PROBLEM TO SOLVE:
Check each line of the records for "assumes"; collect those that have it.

EXTRACTED DATA:
+ + +
(* Let $\mathsf{A}$ be a function from the pairs $i<j$ of $\{0,\dots,n\}$ into the nonnegative integers satisfying condition (!), and suppose $\mathsf{A}$ is indecomposable. Then $\mathsf{A}(i,n)>0$ for every $i<n$.
   Context: For integers $p,q,r$ write $r=p\,!\,q$ if $r\ge\min(p-1,q)$, with equality holding unless $p=q$. A function $\mathsf{A}$ on pairs $a<b$ of a finite linear order into the nonnegative integers satisfies (!) if $\mathsf{A}(a,b)=\mathsf{A}(b,c)\,!\,\mathsf{A}(a,c)$ whenever $a<b<c$. For such functions $\mathsf{B},\mathsf{C}$ with bases $B,C$, $\mathsf{B}+\mathsf{C}$ has base $B$ followed by $C$, agrees with $\mathsf{B}$ on $B$ and $\mathsf{C}$ on $C$, and takes value $0$ on pairs $(b,c)$ with $b\in B$, $c\in C$; functions are identified when an order-preserving bijection of the bases carries one to the other. $\mathsf{A}$ is indecomposable if there are no $\mathsf{B},\mathsf{C}$ with nonempty bases such that $\mathsf{A}=\mathsf{B}+\mathsf{C}$. *)

theory Defs
  imports Main
begin

text \<open>Functions on pairs a<b of the finite linear order {0..n}; values outside are irrelevant.\<close>

definition bang :: "int \<Rightarrow> int \<Rightarrow> int \<Rightarrow> bool" where
  "bang p q r \<longleftrightarrow> r \<ge> min (p - 1) q \<and> (p \<noteq> q \<longrightarrow> r = min (p - 1) q)"

definition satisfies_bang :: "nat \<Rightarrow> (nat \<Rightarrow> nat \<Rightarrow> nat) \<Rightarrow> bool" where
  "satisfies_bang n A \<longleftrightarrow>
     (\<forall>a b c. a < b \<and> b < c \<and> c \<le> n \<longrightarrow>
        bang (int (A b c)) (int (A a c)) (int (A a b)))"

text \<open>Sum of B (base {0..m}) and C (base {0..l}); the result has base {0..m+l+1}.\<close>
definition fsum :: "nat \<Rightarrow> (nat \<Rightarrow> nat \<Rightarrow> nat) \<Rightarrow> nat \<Rightarrow> (nat \<Rightarrow> nat \<Rightarrow> nat) \<Rightarrow> nat \<Rightarrow> nat \<Rightarrow> nat" where
  "fsum m B l C i j =
     (if j \<le> m then B i j
      else if m < i then C (i - Suc m) (j - Suc m)
      else 0)"

definition indecomposable :: "nat \<Rightarrow> (nat \<Rightarrow> nat \<Rightarrow> nat) \<Rightarrow> bool" where
  "indecomposable n A \<longleftrightarrow>
     \<not> (\<exists>m l B C. m + l + 1 = n \<and> satisfies_bang m B \<and> satisfies_bang l C \<and>
          (\<forall>i j. i < j \<and> j \<le> n \<longrightarrow> A i j = fsum m B l C i j))"

end

theory Submission
  imports Defs
begin

text \<open>Let m be the largest index below n with A(m,n) = 0. Condition (!) on the triple
  a < m < n forces A(a,n) = 0 for all a \<le> m, and on a triple a < c < n with c > m,
  where A(c,n) > 0 = A(a,n), it forces A(a,c) = 0. So A vanishes on all pairs straddling m,
  i.e. A splits as its restriction to {0..m} plus its restriction to {m+1..n}.\<close>

lemma bang_zero_first:
  assumes "bang 0 q r" "0 \<le> r"
  shows "q = 0"
  using assms unfolding bang_def by (cases "q = 0") auto

lemma bang_zero_second:
  assumes "bang p 0 r" "0 < p"
  shows "r = 0"
  using assms unfolding bang_def by auto

lemma satisfies_bangD:
  assumes "satisfies_bang n A" "a < b" "b < c" "c \<le> n"
  shows "bang (int (A b c)) (int (A a c)) (int (A a b))"
  using assms unfolding satisfies_bang_def by blast

lemma satisfies_bang_zero_left:
  assumes "satisfies_bang n A" "a < b" "b < c" "c \<le> n" "A b c = 0"
  shows "A a c = 0"
  using bang_zero_first[of "int (A a c)" "int (A a b)"] satisfies_bangD[OF assms(1-4)] assms(5)
  by simp

lemma satisfies_bang_zero_inner:
  assumes "satisfies_bang n A" "a < b" "b < c" "c \<le> n" "A a c = 0" "0 < A b c"
  shows "A a b = 0"
  using bang_zero_second[of "int (A b c)" "int (A a b)"] satisfies_bangD[OF assms(1-4)] assms(5,6)
  by simp

lemma satisfies_bang_mono:
  assumes "satisfies_bang n A" "m \<le> n"
  shows "satisfies_bang m A"
  using assms unfolding satisfies_bang_def by auto

lemma satisfies_bang_shift:
  assumes "satisfies_bang n A"
  shows "satisfies_bang (n - k) (\<lambda>x y. A (x + k) (y + k))"
  unfolding satisfies_bang_def
proof (intro allI impI)
  fix a b c assume abc: "a < b \<and> b < c \<and> c \<le> n - k"
  then have "c + k \<le> n" by linarith
  with abc show "bang (int (A (b + k) (c + k))) (int (A (a + k) (c + k))) (int (A (a + k) (b + k)))"
    using satisfies_bangD[OF assms(1), of "a + k" "b + k" "c + k"] by simp
qed

lemma eq_fsum_restrict_shift_if_zero_across:
  assumes "m < n" "\<And>a c. a \<le> m \<Longrightarrow> m < c \<Longrightarrow> c \<le> n \<Longrightarrow> A a c = 0"
    and "i < j" "j \<le> n"
  shows "A i j = fsum m A (n - Suc m) (\<lambda>x y. A (x + Suc m) (y + Suc m)) i j"
  using assms by (auto simp: fsum_def not_le)

lemma not_indecomposable_if_zero_across:
  assumes "satisfies_bang n A" "m < n"
    and "\<And>a c. a \<le> m \<Longrightarrow> m < c \<Longrightarrow> c \<le> n \<Longrightarrow> A a c = 0"
  shows "\<not> indecomposable n A"
proof -
  have "m + (n - Suc m) + 1 = n" using assms(2) by simp
  moreover have "satisfies_bang m A" using satisfies_bang_mono assms(1,2) by simp
  moreover have "satisfies_bang (n - Suc m) (\<lambda>x y. A (x + Suc m) (y + Suc m))"
    using satisfies_bang_shift[OF assms(1), of "Suc m"] by simp
  moreover have "\<forall>i j. i < j \<and> j \<le> n \<longrightarrow>
      A i j = fsum m A (n - Suc m) (\<lambda>x y. A (x + Suc m) (y + Suc m)) i j"
    using eq_fsum_restrict_shift_if_zero_across[OF assms(2)] assms(3) by blast
  ultimately show ?thesis unfolding indecomposable_def by blast
qed

lemma satisfies_bang_zero_across_last_zero:
  assumes "satisfies_bang n A" "m < n" "A m n = 0"
    and last: "\<And>b. m < b \<Longrightarrow> b < n \<Longrightarrow> 0 < A b n"
    and "a \<le> m" "m < c" "c \<le> n"
  shows "A a c = 0"
proof -
  have column: "A a n = 0"
    using assms(3,5) satisfies_bang_zero_left[OF assms(1) _ assms(2) order_refl, of a]
    by (cases "a = m") auto
  show ?thesis
  proof (cases "c = n")
    case False
    then show ?thesis
      using satisfies_bang_zero_inner[OF assms(1) _ _ order_refl column last] assms(5-7) by simp
  qed (use column in simp)
qed

theorem lemma5p7:
  fixes n :: nat and A :: "nat \<Rightarrow> nat \<Rightarrow> nat"
  assumes "satisfies_bang n A"
    and "indecomposable n A"
    and "i < n"
  shows "A i n > 0"
proof (rule ccontr)
  assume "\<not> A i n > 0"
  define Z where "Z = {a. a < n \<and> A a n = 0}"
  define m where "m = Max Z"
  have "finite Z" "i \<in> Z"
    unfolding Z_def using \<open>\<not> A i n > 0\<close> assms(3) by simp_all
  then have "m \<in> Z" and greatest: "\<And>b. b \<in> Z \<Longrightarrow> b \<le> m"
    unfolding m_def using Max_in by auto
  then have m: "m < n" "A m n = 0" unfolding Z_def by simp_all
  have last: "0 < A b n" if "m < b" "b < n" for b
    using greatest[of b] that unfolding Z_def by fastforce
  have "\<not> indecomposable n A"
    using not_indecomposable_if_zero_across[OF assms(1) m(1)]
      satisfies_bang_zero_across_last_zero[OF assms(1) m last] by blast
  with assms(2) show False by contradiction
qed

end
+ + +
SOLUTION:
  assumes "bang 0 q r" "0 \<le> r"
  assumes "bang p 0 r" "0 < p"
  assumes "satisfies_bang n A" "a < b" "b < c" "c \<le> n"
  assumes "satisfies_bang n A" "a < b" "b < c" "c \<le> n" "A b c = 0"
  assumes "satisfies_bang n A" "a < b" "b < c" "c \<le> n" "A a c = 0" "0 < A b c"
  assumes "satisfies_bang n A" "m \<le> n"
  assumes "satisfies_bang n A"
  assumes "m < n" "\<And>a c. a \<le> m \<Longrightarrow> m < c \<Longrightarrow> c \<le> n \<Longrightarrow> A a c = 0"
  assumes "satisfies_bang n A" "m < n"
  assumes "satisfies_bang n A" "m < n" "A m n = 0"
  assumes "satisfies_bang n A"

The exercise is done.